Edinburgh International Children's Festival reveals its 2018 programme
- Kelly Apter
- 22 March 2018
Theatre for young people should reflect the world they're growing up in, says director Noel Jordan
Look for a theme in this year's Edinburgh International Children's Festival, and you won't find one. Artists, says director Noel Jordan, 'are making work in response to the experiences around them – and that's so diverse.' So what you will find, in amongst clever stagecraft designed to entertain young people, is work that counts. Work that says something to an audience which, like a sponge, is soaking up and processing everything it sees as it learns about the world.

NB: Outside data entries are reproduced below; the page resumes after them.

lemma t_eps_1_cycle_le:
  fixes \<epsilon> :: real
  assumes "2 \<le> n" "0 < \<epsilon>"
  shows "real (t_eps_1 \<epsilon> n (cycle_edges n)) \<le> 64 * real n ^ 3 / \<epsilon> ^ 4 + 1"
proof -
  have "t_eps_1 \<epsilon> n (cycle_edges n) \<le> nat \<lceil>64 * real n ^ 3 / \<epsilon> ^ 4\<rceil>"
    using assms by (intro t_eps_1_le cycle_mixing_upper real_nat_ceiling_ge)
  moreover have "real (nat \<lceil>64 * real n ^ 3 / \<epsilon> ^ 4\<rceil>) \<le> 64 * real n ^ 3 / \<epsilon> ^ 4 + 1"
    using assms by simp
  ultimately show ?thesis
    by (meson of_nat_le_iff order_trans)
qed

lemma t_eps_1_cycle_ge:
  fixes \<epsilon> :: real
  assumes n: "2 \<le> n" and \<epsilon>: "0 < \<epsilon>"
  shows "(1 - \<epsilon>) / (2 * pi\<^sup>2) * real n ^ 3 \<le> real (t_eps_1 \<epsilon> n (cycle_edges n))"
proof (rule ccontr)
  define \<delta> :: "nat \<Rightarrow> real" where "\<delta> i = (if i = 0 then 1 else 0)" for i
  assume "\<not> ?thesis"
  then have "real (t_eps_1 \<epsilon> n (cycle_edges n)) * (2 * pi\<^sup>2 / real n ^ 3) < 1 - \<epsilon>"
    using n by (simp add: field_simps)
  then have "\<epsilon> < exp_l1_dist n (cycle_edges n) \<delta> (t_eps_1 \<epsilon> n (cycle_edges n))"
    unfolding \<delta>_def by (rule cycle_mixing_lower[OF n])
  moreover have "exp_l1_dist n (cycle_edges n) \<delta> (t_eps_1 \<epsilon> n (cycle_edges n)) \<le> \<epsilon>"
    using n \<epsilon> real_nat_ceiling_ge
    by (intro t_eps_1_mixes cycle_mixing_upper) (auto simp: l1norm_def \<delta>_def)
  ultimately show False by simp
qed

For his second year in the curating saddle, Jordan has taken that responsibility very seriously. The 14 shows from 12 countries he has selected all have an obvious appeal on a surface level, but dig deeper and you'll find stories of migration, climate change, gender, bereavement, friendship, cultural difference – in short, the stuff of life and death. 'There's been a real response to migration – I've seen so many pieces on that subject,' says Jordan. 'But the one I felt was most appropriate for our audience, is NIE's We Come From Far, Far Away, which tells the real story of two 15-year-old boys who travel alone from Aleppo across the sea and mainland Europe to Norway. It's told in a very matter of fact way, but the reality of what they go through is unimaginable.'
Even the shows for younger audiences such as Loo, a work for 2–5-year-olds by Spanish company Ponten Pie, have something to say, using a stage full of sand to gently illustrate global warming. Or Things to Wear for ages 2–6 by Germany's Theaterhaus Ensemble, which finds a male and female performer taking on different roles as they change outfits. Well-known characters such as Henny Penny and Foxy Loxy are given a new twist in A Feast of Bones, a show for ages 9–15 by Ireland's Theatre Lovett, while Gretel and Hansel, by Canada's Le Carrousel, gives 6–10-year-olds a chance to view the folk tale differently.